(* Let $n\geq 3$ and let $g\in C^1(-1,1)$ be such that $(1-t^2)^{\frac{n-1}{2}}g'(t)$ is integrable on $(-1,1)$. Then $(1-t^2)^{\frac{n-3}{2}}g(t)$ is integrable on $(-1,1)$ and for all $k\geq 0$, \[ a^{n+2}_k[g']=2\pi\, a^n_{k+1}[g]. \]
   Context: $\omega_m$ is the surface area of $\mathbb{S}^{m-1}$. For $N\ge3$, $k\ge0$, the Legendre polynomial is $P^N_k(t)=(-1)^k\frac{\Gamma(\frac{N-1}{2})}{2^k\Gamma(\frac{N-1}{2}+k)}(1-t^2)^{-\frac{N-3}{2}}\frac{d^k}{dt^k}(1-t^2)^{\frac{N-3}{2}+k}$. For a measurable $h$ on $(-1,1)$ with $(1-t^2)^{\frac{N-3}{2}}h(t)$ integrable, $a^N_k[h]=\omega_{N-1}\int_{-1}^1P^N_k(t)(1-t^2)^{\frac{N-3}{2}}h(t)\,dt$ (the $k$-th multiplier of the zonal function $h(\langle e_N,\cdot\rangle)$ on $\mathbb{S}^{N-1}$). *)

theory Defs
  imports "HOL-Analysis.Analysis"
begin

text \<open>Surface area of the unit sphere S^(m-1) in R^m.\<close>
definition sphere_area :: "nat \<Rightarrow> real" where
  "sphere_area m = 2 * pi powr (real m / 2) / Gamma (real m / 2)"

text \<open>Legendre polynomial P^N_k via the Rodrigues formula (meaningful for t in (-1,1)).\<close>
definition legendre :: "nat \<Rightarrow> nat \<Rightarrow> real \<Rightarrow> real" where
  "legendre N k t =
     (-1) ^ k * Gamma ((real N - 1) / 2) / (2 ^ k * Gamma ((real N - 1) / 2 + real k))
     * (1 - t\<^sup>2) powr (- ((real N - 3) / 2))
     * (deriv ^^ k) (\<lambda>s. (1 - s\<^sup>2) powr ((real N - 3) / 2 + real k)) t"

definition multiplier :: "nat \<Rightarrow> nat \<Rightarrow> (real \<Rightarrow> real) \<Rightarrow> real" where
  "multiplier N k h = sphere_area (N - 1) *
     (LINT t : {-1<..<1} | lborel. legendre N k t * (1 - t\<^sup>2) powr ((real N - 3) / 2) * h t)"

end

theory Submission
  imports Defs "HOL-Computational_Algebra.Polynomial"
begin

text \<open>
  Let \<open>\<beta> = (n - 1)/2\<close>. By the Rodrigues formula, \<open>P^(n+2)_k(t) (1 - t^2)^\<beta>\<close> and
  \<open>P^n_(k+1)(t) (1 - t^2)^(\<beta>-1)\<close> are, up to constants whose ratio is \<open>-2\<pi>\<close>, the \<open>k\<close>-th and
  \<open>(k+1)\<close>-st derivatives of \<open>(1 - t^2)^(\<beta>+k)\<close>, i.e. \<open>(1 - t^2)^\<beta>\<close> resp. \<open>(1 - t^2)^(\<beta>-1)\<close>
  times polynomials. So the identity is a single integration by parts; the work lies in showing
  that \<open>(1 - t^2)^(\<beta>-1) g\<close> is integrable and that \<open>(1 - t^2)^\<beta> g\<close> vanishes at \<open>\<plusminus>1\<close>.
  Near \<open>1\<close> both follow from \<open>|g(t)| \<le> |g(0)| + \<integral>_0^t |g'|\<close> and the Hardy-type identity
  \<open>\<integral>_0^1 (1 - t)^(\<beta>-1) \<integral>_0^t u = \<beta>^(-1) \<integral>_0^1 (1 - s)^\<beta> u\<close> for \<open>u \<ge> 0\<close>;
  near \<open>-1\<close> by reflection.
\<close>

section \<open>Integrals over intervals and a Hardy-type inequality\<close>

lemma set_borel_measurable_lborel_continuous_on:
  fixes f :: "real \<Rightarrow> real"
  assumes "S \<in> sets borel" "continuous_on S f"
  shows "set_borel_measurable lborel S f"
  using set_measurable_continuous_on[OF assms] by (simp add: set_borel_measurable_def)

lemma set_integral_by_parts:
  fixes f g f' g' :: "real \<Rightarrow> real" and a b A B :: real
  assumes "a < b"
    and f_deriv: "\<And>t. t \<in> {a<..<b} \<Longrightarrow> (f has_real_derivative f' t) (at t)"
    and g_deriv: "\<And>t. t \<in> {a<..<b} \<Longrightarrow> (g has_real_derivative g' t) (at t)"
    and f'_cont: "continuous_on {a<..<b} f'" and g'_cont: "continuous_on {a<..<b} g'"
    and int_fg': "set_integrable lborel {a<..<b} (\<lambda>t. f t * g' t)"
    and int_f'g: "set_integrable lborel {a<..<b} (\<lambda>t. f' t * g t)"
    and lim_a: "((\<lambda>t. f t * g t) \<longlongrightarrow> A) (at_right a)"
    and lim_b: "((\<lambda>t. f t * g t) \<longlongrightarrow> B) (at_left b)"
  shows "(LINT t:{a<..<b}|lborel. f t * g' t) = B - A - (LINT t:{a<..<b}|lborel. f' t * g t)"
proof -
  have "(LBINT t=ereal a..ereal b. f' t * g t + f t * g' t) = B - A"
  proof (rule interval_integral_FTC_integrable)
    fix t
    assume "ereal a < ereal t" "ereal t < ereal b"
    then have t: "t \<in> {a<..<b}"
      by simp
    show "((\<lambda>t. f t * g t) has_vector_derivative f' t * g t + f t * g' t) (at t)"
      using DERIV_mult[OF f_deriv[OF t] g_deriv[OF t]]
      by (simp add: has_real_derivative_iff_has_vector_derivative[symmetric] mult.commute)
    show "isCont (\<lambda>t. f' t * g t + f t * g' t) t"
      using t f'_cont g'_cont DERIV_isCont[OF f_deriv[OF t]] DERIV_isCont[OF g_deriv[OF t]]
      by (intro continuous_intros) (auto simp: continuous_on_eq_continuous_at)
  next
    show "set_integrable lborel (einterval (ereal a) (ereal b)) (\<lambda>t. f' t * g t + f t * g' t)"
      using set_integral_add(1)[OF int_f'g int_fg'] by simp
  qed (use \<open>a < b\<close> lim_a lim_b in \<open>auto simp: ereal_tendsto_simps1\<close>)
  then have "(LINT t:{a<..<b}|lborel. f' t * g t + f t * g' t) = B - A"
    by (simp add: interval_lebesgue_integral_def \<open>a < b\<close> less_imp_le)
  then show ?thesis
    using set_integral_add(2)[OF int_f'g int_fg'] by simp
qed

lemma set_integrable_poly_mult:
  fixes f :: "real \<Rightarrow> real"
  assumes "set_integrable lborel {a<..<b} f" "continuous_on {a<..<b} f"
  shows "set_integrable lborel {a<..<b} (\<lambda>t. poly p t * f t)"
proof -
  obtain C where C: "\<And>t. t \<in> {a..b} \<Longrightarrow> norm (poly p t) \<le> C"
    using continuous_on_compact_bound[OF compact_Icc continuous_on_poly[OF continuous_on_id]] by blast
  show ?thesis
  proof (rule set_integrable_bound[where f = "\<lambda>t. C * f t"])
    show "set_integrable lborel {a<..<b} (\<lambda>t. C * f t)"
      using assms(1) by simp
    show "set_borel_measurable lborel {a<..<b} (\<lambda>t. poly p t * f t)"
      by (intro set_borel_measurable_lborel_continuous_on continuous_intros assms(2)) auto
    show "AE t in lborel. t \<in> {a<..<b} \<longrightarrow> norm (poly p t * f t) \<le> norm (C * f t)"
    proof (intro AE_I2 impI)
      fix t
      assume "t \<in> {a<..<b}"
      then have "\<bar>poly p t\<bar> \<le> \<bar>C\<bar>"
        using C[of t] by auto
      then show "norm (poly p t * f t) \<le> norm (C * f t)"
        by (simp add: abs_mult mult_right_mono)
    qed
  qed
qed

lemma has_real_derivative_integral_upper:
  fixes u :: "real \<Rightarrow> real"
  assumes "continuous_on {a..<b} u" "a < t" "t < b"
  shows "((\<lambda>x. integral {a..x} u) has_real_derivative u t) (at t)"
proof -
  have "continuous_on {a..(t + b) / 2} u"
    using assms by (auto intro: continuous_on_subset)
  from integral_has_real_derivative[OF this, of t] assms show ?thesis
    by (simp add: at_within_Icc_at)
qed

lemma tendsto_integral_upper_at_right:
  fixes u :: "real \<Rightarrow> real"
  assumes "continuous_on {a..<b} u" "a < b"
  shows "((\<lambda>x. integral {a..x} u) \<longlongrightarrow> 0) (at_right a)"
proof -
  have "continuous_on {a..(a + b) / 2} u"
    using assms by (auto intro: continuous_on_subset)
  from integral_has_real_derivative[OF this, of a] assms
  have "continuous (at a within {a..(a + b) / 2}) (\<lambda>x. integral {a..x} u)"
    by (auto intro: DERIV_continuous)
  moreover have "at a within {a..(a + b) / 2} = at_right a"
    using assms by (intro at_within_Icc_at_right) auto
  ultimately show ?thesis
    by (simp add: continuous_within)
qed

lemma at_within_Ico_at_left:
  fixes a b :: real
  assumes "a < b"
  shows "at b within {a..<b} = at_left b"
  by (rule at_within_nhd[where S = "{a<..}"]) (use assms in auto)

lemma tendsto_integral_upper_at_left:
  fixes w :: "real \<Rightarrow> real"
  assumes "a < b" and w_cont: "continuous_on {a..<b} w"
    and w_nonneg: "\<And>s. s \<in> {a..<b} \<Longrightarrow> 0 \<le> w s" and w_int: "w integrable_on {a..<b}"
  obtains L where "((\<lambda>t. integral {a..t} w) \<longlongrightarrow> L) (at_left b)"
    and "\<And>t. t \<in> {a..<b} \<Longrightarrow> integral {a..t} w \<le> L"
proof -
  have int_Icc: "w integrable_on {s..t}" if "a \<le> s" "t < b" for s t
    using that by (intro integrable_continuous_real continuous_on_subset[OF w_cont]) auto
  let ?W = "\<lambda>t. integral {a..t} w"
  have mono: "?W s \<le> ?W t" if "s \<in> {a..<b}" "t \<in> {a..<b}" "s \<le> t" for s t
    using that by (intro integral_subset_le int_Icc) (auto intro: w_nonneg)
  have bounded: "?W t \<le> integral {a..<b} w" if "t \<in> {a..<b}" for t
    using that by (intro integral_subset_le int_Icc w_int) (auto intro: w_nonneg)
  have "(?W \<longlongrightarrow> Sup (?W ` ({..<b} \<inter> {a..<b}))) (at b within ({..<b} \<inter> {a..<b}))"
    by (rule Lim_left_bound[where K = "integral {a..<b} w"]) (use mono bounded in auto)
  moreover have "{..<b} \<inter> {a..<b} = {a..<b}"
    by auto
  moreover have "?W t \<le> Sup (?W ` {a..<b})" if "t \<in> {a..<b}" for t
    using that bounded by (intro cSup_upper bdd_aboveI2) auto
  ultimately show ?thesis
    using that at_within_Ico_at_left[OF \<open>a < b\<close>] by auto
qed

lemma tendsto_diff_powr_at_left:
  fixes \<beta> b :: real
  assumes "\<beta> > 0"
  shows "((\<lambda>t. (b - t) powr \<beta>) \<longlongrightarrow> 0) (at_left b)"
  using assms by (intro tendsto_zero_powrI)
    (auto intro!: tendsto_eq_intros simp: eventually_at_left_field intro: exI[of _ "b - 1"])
══════════════════════════════
Which of the lines above hold the string "Hardy"? Copy each one.

• **Solution for this task**:
  Near \<open>1\<close> both follow from \<open>|g(t)| \<le> |g(0)| + \<integral>_0^t |g'|\<close> and the Hardy-type identity
section \<open>Integrals over intervals and a Hardy-type inequality\<close>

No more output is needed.